**WORK TO COMPLETE:** The lines to copy are those in the records below that hold the word "half".

──────── AVAILABLE DATA

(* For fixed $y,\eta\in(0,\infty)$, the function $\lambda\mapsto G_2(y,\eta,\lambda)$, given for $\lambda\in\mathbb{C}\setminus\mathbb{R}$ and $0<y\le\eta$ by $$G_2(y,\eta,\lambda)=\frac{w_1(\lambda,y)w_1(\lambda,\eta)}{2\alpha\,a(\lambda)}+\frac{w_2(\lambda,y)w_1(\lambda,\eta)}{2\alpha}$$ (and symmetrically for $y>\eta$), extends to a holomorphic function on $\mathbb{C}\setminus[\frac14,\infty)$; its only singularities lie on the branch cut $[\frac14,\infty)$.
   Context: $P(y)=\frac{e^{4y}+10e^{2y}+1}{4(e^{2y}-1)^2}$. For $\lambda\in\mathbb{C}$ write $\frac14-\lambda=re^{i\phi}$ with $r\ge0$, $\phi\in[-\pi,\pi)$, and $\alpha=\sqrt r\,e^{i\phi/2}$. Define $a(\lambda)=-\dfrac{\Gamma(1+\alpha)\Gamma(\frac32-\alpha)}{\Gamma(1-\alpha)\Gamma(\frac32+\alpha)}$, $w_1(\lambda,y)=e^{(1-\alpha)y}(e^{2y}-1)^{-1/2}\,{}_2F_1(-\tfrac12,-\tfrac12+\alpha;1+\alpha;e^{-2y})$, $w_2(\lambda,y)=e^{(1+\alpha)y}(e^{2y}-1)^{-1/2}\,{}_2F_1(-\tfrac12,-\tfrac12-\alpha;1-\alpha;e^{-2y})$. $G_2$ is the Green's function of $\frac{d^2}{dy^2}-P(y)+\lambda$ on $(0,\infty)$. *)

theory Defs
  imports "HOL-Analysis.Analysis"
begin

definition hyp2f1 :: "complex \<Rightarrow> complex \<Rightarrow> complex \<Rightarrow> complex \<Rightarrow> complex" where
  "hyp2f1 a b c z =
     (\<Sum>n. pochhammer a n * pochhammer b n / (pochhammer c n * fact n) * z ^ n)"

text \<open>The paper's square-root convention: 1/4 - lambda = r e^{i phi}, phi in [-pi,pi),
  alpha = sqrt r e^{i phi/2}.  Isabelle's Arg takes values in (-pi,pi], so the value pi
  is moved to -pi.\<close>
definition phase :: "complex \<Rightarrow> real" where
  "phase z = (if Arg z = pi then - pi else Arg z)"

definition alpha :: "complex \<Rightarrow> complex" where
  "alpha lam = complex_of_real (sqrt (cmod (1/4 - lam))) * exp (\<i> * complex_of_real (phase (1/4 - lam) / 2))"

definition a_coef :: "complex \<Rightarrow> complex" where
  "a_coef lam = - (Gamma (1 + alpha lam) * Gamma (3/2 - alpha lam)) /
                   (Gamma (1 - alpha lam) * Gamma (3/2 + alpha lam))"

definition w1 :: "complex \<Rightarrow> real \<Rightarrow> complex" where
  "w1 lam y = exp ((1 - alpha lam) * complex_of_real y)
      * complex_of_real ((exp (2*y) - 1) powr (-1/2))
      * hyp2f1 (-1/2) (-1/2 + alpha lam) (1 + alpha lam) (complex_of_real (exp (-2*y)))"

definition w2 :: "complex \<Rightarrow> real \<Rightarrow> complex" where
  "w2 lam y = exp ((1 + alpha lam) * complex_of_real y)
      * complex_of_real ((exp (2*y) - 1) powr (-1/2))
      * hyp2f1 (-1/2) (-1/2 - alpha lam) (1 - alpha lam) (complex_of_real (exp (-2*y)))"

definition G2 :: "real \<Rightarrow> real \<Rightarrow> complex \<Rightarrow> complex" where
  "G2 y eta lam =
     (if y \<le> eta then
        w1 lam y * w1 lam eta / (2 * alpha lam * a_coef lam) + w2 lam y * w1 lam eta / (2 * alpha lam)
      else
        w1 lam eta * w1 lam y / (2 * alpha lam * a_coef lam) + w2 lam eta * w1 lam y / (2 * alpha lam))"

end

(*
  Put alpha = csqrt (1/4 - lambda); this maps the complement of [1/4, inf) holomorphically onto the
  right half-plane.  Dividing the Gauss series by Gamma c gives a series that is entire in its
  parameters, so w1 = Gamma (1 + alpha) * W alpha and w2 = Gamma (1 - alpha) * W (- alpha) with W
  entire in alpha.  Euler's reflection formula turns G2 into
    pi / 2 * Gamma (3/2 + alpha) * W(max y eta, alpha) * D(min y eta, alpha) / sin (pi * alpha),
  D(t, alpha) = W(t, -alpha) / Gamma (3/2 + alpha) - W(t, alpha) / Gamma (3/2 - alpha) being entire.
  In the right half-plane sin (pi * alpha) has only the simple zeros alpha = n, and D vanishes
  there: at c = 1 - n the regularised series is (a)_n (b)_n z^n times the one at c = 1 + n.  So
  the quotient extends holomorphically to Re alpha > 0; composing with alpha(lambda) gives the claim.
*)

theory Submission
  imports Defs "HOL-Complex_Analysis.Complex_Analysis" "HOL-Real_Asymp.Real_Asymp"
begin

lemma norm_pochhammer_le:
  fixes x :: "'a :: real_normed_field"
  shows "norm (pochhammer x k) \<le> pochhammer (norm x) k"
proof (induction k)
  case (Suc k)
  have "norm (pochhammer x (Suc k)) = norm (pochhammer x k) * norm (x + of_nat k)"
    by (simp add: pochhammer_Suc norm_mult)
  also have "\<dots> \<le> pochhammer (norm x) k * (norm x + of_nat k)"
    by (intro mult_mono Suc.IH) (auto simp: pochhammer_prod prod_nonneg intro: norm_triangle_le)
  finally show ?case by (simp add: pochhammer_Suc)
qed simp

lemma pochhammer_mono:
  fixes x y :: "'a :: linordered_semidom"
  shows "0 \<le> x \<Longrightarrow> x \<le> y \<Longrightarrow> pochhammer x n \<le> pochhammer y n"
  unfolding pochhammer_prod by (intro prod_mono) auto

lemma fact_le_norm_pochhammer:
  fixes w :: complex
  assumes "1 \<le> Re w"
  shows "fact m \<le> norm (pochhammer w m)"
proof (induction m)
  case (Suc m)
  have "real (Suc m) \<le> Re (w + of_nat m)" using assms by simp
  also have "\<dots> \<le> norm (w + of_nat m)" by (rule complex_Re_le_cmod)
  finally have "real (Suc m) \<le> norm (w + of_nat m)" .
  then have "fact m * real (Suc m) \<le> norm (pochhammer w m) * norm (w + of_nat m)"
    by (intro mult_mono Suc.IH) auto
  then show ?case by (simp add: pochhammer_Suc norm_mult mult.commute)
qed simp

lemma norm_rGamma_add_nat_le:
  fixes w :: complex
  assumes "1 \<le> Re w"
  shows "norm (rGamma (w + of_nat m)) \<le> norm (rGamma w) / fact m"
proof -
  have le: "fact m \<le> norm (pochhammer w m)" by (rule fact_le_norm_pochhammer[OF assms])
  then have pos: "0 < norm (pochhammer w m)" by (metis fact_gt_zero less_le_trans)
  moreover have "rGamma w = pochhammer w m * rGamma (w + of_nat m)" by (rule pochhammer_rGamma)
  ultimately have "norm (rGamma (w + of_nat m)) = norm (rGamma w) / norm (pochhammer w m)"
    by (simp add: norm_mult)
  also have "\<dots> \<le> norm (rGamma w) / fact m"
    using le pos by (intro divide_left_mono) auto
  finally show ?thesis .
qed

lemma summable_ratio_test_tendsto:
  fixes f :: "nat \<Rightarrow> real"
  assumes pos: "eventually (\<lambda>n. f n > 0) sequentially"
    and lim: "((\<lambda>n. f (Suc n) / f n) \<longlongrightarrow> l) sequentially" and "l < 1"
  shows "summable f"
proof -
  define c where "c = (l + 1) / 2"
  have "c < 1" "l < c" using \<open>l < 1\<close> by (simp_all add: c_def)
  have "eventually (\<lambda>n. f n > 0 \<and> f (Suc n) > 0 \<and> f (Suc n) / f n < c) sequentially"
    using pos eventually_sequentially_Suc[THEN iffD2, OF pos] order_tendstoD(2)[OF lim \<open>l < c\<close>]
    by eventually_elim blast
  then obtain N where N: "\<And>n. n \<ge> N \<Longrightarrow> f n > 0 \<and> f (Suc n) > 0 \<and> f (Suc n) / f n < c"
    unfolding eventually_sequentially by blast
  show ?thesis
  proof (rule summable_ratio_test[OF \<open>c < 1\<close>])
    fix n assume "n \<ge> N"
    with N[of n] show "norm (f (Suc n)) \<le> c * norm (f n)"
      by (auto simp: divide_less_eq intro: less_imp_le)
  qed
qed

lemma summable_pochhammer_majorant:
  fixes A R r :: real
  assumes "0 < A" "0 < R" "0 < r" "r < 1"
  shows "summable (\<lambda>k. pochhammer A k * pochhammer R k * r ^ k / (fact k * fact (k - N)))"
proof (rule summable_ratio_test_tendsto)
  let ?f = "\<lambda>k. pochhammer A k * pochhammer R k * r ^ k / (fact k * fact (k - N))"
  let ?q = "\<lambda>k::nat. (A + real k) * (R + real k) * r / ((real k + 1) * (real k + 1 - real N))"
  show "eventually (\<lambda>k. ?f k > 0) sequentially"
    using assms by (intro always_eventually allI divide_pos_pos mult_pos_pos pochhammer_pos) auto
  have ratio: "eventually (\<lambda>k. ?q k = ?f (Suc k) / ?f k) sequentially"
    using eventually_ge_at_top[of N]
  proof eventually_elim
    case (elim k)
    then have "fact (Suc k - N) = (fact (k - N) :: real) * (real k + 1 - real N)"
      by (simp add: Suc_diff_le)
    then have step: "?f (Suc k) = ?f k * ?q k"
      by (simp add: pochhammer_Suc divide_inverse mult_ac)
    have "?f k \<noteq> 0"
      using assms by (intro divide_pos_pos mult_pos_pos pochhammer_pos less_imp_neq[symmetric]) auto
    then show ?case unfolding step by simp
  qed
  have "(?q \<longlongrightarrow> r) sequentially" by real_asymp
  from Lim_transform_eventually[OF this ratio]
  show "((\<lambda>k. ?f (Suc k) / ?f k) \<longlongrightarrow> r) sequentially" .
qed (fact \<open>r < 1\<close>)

────────────────
──────── AVAILABLE DATA

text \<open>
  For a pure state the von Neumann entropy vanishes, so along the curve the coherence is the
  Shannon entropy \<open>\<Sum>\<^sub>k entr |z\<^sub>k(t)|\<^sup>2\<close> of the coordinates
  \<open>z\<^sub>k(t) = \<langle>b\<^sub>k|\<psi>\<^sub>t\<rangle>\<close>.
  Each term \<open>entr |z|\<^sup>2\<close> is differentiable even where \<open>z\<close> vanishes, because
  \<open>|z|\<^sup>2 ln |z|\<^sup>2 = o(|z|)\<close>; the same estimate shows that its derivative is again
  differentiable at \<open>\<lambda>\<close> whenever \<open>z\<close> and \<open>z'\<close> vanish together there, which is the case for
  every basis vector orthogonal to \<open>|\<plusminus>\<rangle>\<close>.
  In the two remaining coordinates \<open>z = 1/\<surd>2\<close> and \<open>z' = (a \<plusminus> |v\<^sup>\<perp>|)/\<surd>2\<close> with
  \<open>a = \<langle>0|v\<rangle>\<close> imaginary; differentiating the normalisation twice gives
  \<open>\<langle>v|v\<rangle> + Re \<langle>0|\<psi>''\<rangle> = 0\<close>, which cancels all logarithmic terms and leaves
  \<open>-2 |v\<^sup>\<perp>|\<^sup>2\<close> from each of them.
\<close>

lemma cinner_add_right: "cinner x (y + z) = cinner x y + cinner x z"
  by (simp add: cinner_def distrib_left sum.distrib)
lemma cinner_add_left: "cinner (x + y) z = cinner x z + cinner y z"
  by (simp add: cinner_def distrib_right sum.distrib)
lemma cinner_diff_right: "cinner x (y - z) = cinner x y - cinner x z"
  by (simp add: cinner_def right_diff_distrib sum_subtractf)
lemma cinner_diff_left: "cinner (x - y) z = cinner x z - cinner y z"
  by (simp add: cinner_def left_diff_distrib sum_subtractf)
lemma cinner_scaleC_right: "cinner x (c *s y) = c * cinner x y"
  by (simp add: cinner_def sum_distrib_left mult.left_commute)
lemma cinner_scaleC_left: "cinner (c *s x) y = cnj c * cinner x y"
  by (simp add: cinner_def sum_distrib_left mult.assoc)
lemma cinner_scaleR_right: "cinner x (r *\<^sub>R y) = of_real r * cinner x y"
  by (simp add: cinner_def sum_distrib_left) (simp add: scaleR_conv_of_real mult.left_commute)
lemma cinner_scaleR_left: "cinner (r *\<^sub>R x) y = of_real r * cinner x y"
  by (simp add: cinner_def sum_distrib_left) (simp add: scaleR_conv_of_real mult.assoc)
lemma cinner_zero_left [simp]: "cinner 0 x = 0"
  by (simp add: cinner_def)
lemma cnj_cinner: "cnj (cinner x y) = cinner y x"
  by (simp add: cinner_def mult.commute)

────────────────

**SOLUTION FOR THIS EXERCISE:**
  right half-plane.  Dividing the Gauss series by Gamma c gives a series that is entire in its
  In the right half-plane sin (pi * alpha) has only the simple zeros alpha = n, and D vanishes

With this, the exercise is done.